[SUPPLIED DATA Boundary: Start]

theorem lemma3p2:
  fixes \<phi> :: "real \<Rightarrow> real"
    and M :: "'a measure"
    and l :: nat
    and f :: "nat \<Rightarrow> 'a \<Rightarrow> nat"
  assumes phi_nonneg: "\<And>t. t \<ge> 0 \<Longrightarrow> \<phi> t \<ge> 0"
    and phi_cont: "continuous_on {0..} \<phi>"
    and phi_sublin: "sublinear \<phi>"
    and phi_mono: "mono_on {0..} \<phi>"
    and l_ge: "l \<ge> 1"
    and prob: "prob_space M"
    and f_meas: "\<And>i. i \<in> {1..l} \<Longrightarrow> f i \<in> measurable M (count_space UNIV)"
    and f_int: "\<And>i. i \<in> {1..l} \<Longrightarrow> (\<integral>\<^sup>+ x. ennreal (\<phi> (real (f i x))) \<partial>M) < \<infinity>"
  shows "\<exists>\<psi> :: real \<Rightarrow> real.
           (\<forall>t\<ge>0. \<psi> t \<ge> 0) \<and> (\<forall>t>0. \<psi> t > 0) \<and> \<psi> 0 = 0 \<and>
           (\<forall>s\<ge>0. \<forall>t\<ge>0. \<psi> (s + t) \<le> \<psi> s + \<psi> t) \<and>
           mono_on {0..} \<psi> \<and>
           mono_on {0<..} (\<lambda>t. t / \<psi> t) \<and>
           (\<exists>x :: nat \<Rightarrow> real. strict_mono x \<and> (\<forall>k. x k \<ge> 0) \<and>
              filterlim x at_top sequentially \<and>
              (\<lambda>k. \<phi> (x k)) \<in> o[sequentially](\<lambda>k. \<psi> (x k))) \<and>
           (\<forall>i\<in>{1..l}. (\<integral>\<^sup>+ x. ennreal (\<psi> (real (f i x))) \<partial>M) < \<infinity>)"
proof -
  let ?tail = "\<lambda>i N. \<integral>\<^sup>+ x. (if N \<le> f i x then ennreal (\<phi> (real (f i x))) else 0) \<partial>M"
  have "\<exists>N. \<forall>i\<in>{1..l}. ?tail i N < ennreal ((1/2)^k / real (Suc k))" for k
    using f_meas f_int by (intro nn_integral_tails_uniformly_small) auto
  then obtain N where N: "\<And>k i. i \<in> {1..l} \<Longrightarrow> ?tail i (N k) < ennreal ((1/2)^k / real (Suc k))"
    by metis
  obtain c T :: "nat \<Rightarrow> real" where c_pos: "\<And>k. 0 < c k" and "summable c" and T_ge_1: "\<And>k. 1 \<le> T k"
    and T_seq: "strict_mono T" "filterlim T at_top sequentially"
    and c_big: "\<And>k. real (Suc k) * \<phi> (T k) \<le> c k * T k"
    and c_bound: "\<And>k t. 0 \<le> t \<Longrightarrow> c k * min t (T k) \<le> real (Suc k) * (if real (N k) \<le> t then \<phi> t else 0) + 2 * (1/2)^k"
    using sublinear_ramp_coefficients[OF phi_nonneg phi_cont phi_sublin phi_mono, of "\<lambda>k. (1/2)^k" N]
      summable_geometric[of "1/2 :: real"] by auto
  interpret \<psi>: ramp_coefficients c T
    using c_pos \<open>summable c\<close> T_ge_1 by unfold_locales (auto intro: less_imp_le order_trans[OF zero_le_one])
  have "(\<integral>\<^sup>+ x. ennreal (ramp_series c T (real (f i x))) \<partial>M) < \<infinity>" if i: "i \<in> {1..l}" for i
  proof (rule \<psi>.nn_integral_ramp_series_less_top[OF f_meas[OF i], where b = "\<lambda>k. (1/2)^k + 2 * (1/2)^k"])
    show "(\<integral>\<^sup>+ x. ennreal (c k * min (real (f i x)) (T k)) \<partial>M) \<le> ennreal ((1/2)^k + 2 * (1/2)^k)" for k
      using c_bound[OF of_nat_0_le_iff] phi_nonneg less_imp_le[OF N[OF i, of k]]
      by (intro prob_space.nn_integral_le_tail_plus_const[OF prob f_meas[OF i],
            where h = "\<lambda>n. c k * min (real n) (T k)" and \<phi> = "\<lambda>n. \<phi> (real n)"]) auto
  qed (auto intro: summable_add summable_mult summable_geometric)
  moreover have "(\<lambda>k. \<phi> (T k)) \<in> o[sequentially](\<lambda>k. ramp_series c T (T k))"
  proof (rule smallo_sequentially_if_Suc_mult_le)
    fix k
    have "real (Suc k) * \<phi> (T k) \<le> c k * min (T k) (T k)"
      using c_big[of k] by simp
    also have "\<dots> \<le> ramp_series c T (T k)"
      using \<psi>.T_nonneg by (rule \<psi>.ramp_series_ge_term)
    finally show "real (Suc k) * norm (\<phi> (T k)) \<le> norm (ramp_series c T (T k))"
      using phi_nonneg \<psi>.ramp_series_nonneg \<psi>.T_nonneg[of k] by simp
  qed
  moreover have "0 < ramp_series c T t" if "0 < t" for t
    using \<psi>.ramp_series_pos[OF c_pos[of 0] _ that] T_ge_1[of 0] by simp
  ultimately show ?thesis
    using \<psi>.ramp_series_nonneg \<psi>.ramp_series_0 \<psi>.ramp_series_subadditive \<psi>.ramp_series_mono
      \<psi>.ramp_series_ratio_mono T_seq \<psi>.T_nonneg
    by (intro exI[of _ "ramp_series c T"] exI[of _ T] conjI allI impI ballI) simp_all
qed

end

[SUPPLIED DATA Boundary: End]

#### AIM OF THE EXERCISE
Every record above belongs in the answer, reproduced exactly.

#### EXERCISE OUTPUT
theorem lemma3p2:
  fixes \<phi> :: "real \<Rightarrow> real"
    and M :: "'a measure"
    and l :: nat
    and f :: "nat \<Rightarrow> 'a \<Rightarrow> nat"
  assumes phi_nonneg: "\<And>t. t \<ge> 0 \<Longrightarrow> \<phi> t \<ge> 0"
    and phi_cont: "continuous_on {0..} \<phi>"
    and phi_sublin: "sublinear \<phi>"
    and phi_mono: "mono_on {0..} \<phi>"
    and l_ge: "l \<ge> 1"
    and prob: "prob_space M"
    and f_meas: "\<And>i. i \<in> {1..l} \<Longrightarrow> f i \<in> measurable M (count_space UNIV)"
    and f_int: "\<And>i. i \<in> {1..l} \<Longrightarrow> (\<integral>\<^sup>+ x. ennreal (\<phi> (real (f i x))) \<partial>M) < \<infinity>"
  shows "\<exists>\<psi> :: real \<Rightarrow> real.
           (\<forall>t\<ge>0. \<psi> t \<ge> 0) \<and> (\<forall>t>0. \<psi> t > 0) \<and> \<psi> 0 = 0 \<and>
           (\<forall>s\<ge>0. \<forall>t\<ge>0. \<psi> (s + t) \<le> \<psi> s + \<psi> t) \<and>
           mono_on {0..} \<psi> \<and>
           mono_on {0<..} (\<lambda>t. t / \<psi> t) \<and>
           (\<exists>x :: nat \<Rightarrow> real. strict_mono x \<and> (\<forall>k. x k \<ge> 0) \<and>
              filterlim x at_top sequentially \<and>
              (\<lambda>k. \<phi> (x k)) \<in> o[sequentially](\<lambda>k. \<psi> (x k))) \<and>
           (\<forall>i\<in>{1..l}. (\<integral>\<^sup>+ x. ennreal (\<psi> (real (f i x))) \<partial>M) < \<infinity>)"
proof -
  let ?tail = "\<lambda>i N. \<integral>\<^sup>+ x. (if N \<le> f i x then ennreal (\<phi> (real (f i x))) else 0) \<partial>M"
  have "\<exists>N. \<forall>i\<in>{1..l}. ?tail i N < ennreal ((1/2)^k / real (Suc k))" for k
    using f_meas f_int by (intro nn_integral_tails_uniformly_small) auto
  then obtain N where N: "\<And>k i. i \<in> {1..l} \<Longrightarrow> ?tail i (N k) < ennreal ((1/2)^k / real (Suc k))"
    by metis
  obtain c T :: "nat \<Rightarrow> real" where c_pos: "\<And>k. 0 < c k" and "summable c" and T_ge_1: "\<And>k. 1 \<le> T k"
    and T_seq: "strict_mono T" "filterlim T at_top sequentially"
    and c_big: "\<And>k. real (Suc k) * \<phi> (T k) \<le> c k * T k"
    and c_bound: "\<And>k t. 0 \<le> t \<Longrightarrow> c k * min t (T k) \<le> real (Suc k) * (if real (N k) \<le> t then \<phi> t else 0) + 2 * (1/2)^k"
    using sublinear_ramp_coefficients[OF phi_nonneg phi_cont phi_sublin phi_mono, of "\<lambda>k. (1/2)^k" N]
      summable_geometric[of "1/2 :: real"] by auto
  interpret \<psi>: ramp_coefficients c T
    using c_pos \<open>summable c\<close> T_ge_1 by unfold_locales (auto intro: less_imp_le order_trans[OF zero_le_one])
  have "(\<integral>\<^sup>+ x. ennreal (ramp_series c T (real (f i x))) \<partial>M) < \<infinity>" if i: "i \<in> {1..l}" for i
  proof (rule \<psi>.nn_integral_ramp_series_less_top[OF f_meas[OF i], where b = "\<lambda>k. (1/2)^k + 2 * (1/2)^k"])
    show "(\<integral>\<^sup>+ x. ennreal (c k * min (real (f i x)) (T k)) \<partial>M) \<le> ennreal ((1/2)^k + 2 * (1/2)^k)" for k
      using c_bound[OF of_nat_0_le_iff] phi_nonneg less_imp_le[OF N[OF i, of k]]
      by (intro prob_space.nn_integral_le_tail_plus_const[OF prob f_meas[OF i],
            where h = "\<lambda>n. c k * min (real n) (T k)" and \<phi> = "\<lambda>n. \<phi> (real n)"]) auto
  qed (auto intro: summable_add summable_mult summable_geometric)
  moreover have "(\<lambda>k. \<phi> (T k)) \<in> o[sequentially](\<lambda>k. ramp_series c T (T k))"
  proof (rule smallo_sequentially_if_Suc_mult_le)
    fix k
    have "real (Suc k) * \<phi> (T k) \<le> c k * min (T k) (T k)"
      using c_big[of k] by simp
    also have "\<dots> \<le> ramp_series c T (T k)"
      using \<psi>.T_nonneg by (rule \<psi>.ramp_series_ge_term)
    finally show "real (Suc k) * norm (\<phi> (T k)) \<le> norm (ramp_series c T (T k))"
      using phi_nonneg \<psi>.ramp_series_nonneg \<psi>.T_nonneg[of k] by simp
  qed
  moreover have "0 < ramp_series c T t" if "0 < t" for t
    using \<psi>.ramp_series_pos[OF c_pos[of 0] _ that] T_ge_1[of 0] by simp
  ultimately show ?thesis
    using \<psi>.ramp_series_nonneg \<psi>.ramp_series_0 \<psi>.ramp_series_subadditive \<psi>.ramp_series_mono
      \<psi>.ramp_series_ratio_mono T_seq \<psi>.T_nonneg
    by (intro exI[of _ "ramp_series c T"] exI[of _ T] conjI allI impI ballI) simp_all
qed

end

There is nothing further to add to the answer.